Fondation Res Publica : le débat sur la réindustrialisation de la France

 

JP Chevènement et la salle ont dialogué avec L Gallois et un chef d'entreprise

 

Les actes du colloque du 1er juin 2015 sont en ligne sur le site de la Fondation Res Publica.
Accueil de Jean-Pierre Chevènement, Président de la Fondation Res Publica*.
Energie, consensus et confiance, par Louis Gallois, Président du Conseil de Surveillance de PSA.
Fiscalité et code du travail, deux maux français, Laurent Burelle, PDG de Plastic Omium.
Tour de table conduit par Jean-Pierre Chevènement, Président de la Fondation Res Publica.

* Pour en savoir plus sur cette Fondation, voir la Présentation par son président.

 

L'intervention de Louis Gallois a été reprise. Voir Réindustrialisation de la France : Louis Gallois au colloque Res Publica. Les débats qui ont suivi (retranscrits par la Fondation Res Publica) sont de haute qualité. En voici des extraits.

Jean-Pierre Chevènement 

J’apprécie beaucoup la manière dont Louis Gallois a posé le problème en disant que l’industrie française a le choix entre la voie espagnole, c'est-à-dire la dévaluation interne, brutale mais qui permet de retrouver une compétitivité par les prix, et la voie malheureusement lente, trop lente selon moi, de la stratégie de montée en gamme qui implique naturellement au niveau des entreprises les marges sans lesquelles on ne peut pas la financer. Même l’acte de courage qui consiste à s’endetter n’est pas possible s’il n’y a pas les fonds propres et une rentabilité suffisante pour permettre cet endettement. Par conséquent on laisse vieillir l’appareil de production. Le choix fondamental est là, entre ces deux voies. 

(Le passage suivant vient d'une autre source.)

lemma anti_contract:
  assumes "x \<in> elts C" "ar C x \<noteq> 1" "length ts = ar C x" "\<forall>t\<in>set ts. anti C t"
  shows "anti C (contract x ts)"
proof -
  let ?rs = "map2 contract_label (in_cols C x) ts"
  have len: "length (in_cols C x) = length ts"
    using assms by simp
  have ft: "\<forall>t\<in>set ts. ftree C t"
    using assms(4) anti_imp_ftree by blast
  have "outputs_match ?rs (in_cols C x)"
    using outputs_match_contract_labels[OF len in_cols_range[OF assms(1)] ft] .
  then have "in_cols C (multicomp x 1 ?rs) = concat (map (in_cols C) ?rs)"
    using multicomp_typed(3)[of x 1 ?rs] assms by simp
  moreover have "ftree C (contract x ts)"
    using contract_ftree(1)[OF assms(1-3) ft] .
  ultimately show ?thesis
    using anti_contract_children[OF len in_cols_range[OF assms(1)] assms(4)]
    by (simp add: contract_def anti_Node_iff ftree_Node_iff)
qed

lemma anti_normal_form: "ftree C t \<Longrightarrow> anti C (normal_form t)"
proof (induction t)
  case (Node x ts)
  then show ?case
    unfolding normal_form.simps by (intro anti_contract) (auto simp: ftree_Node_iff)
qed (simp add: anti_leaf)

lemma normal_form_anti: "anti C t \<Longrightarrow> normal_form t = t"
proof (induction t)
  case (Node x ts)
  have x: "x \<in> elts C" "list_all2 (\<lambda>t d. anti C t \<and> no_root_colour C d t) ts (in_cols C x)"
    using Node.prems by (auto simp: anti_Node_iff)
  then have "\<forall>t\<in>set ts. anti C t"
    by (auto simp: list_all2_conv_all_nth in_set_conv_nth)
  with Node.IH have "map normal_form ts = ts"
    by (simp add: map_idI)
  moreover have "map2 contract_label (in_cols C x) ts = map (unit C) (in_cols C x)
      \<and> concat (map2 contract_children (in_cols C x) ts) = ts"
    using x(2) by (induction rule: list_all2_induct) (auto simp: contract_no_root_colour)
  ultimately show ?case
    using multicomp_units x by (simp add: contract_def)
qed simp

La voie lente nous est-elle permise ? Si la confiance était au rendez-vous ça se verrait. Ce n’est pas le cas. Comment la créer ? Je cherche, j’aimerais trouver. Je ne pense pas que les exhortations qui sont faites ou les plaintes que j’entends s’exhaler soient de nature à recréer cette confiance. 
En principe un pays a la monnaie qui convient à son économie. Je dis que la France n’a pas aujourd’hui la monnaie qui convient à son économie. La France est prisonnière d’une monnaie surévaluée depuis très longtemps par rapport à ses voisins de la zone euro vis-à-vis desquels elle est en déficit. On ne veut pas le voir. On préfère s’aveugler volontairement. La monnaie unique est un tabou. Je souscris à l’idée que la seule voie qui soit praticable est cette stratégie dite de « montée en gamme ». Suffit-il de s’échiner à exhorter un peuple qui n’entend pas, des industriels qui pour la plupart pensent que la France n’est plus un pays où il faut investir ? M. Burelle nous a dit tout à l’heure très nettement qu’il vaut mieux investir à l’étranger. Lui-même ne sauvegarde les 5 000 emplois qu’il a pu conserver en France que parce qu’il a aujourd’hui plus de 20 000 emplois à l’étranger. Mais le problème qui se pose est celui de l’économie française, ce n’est pas celui des entreprises françaises qui, telles nos entreprises du CAC40, se développent très bien… à l’étranger ! Elles ne se développent pas en France. C’est l’économie française qui en pâtit et c’est le peuple français, dont nous sommes responsables, qui souffre.

 

Tour de table

Jean-Pierre Chevènement 

L’Allemagne est évidemment un pays mercantiliste qui dégage un excédent commercial de plus de 200 milliards d’euros chaque année. Mais elle a une structure démographique vieillissante et veut préparer l’avenir de ses retraités. 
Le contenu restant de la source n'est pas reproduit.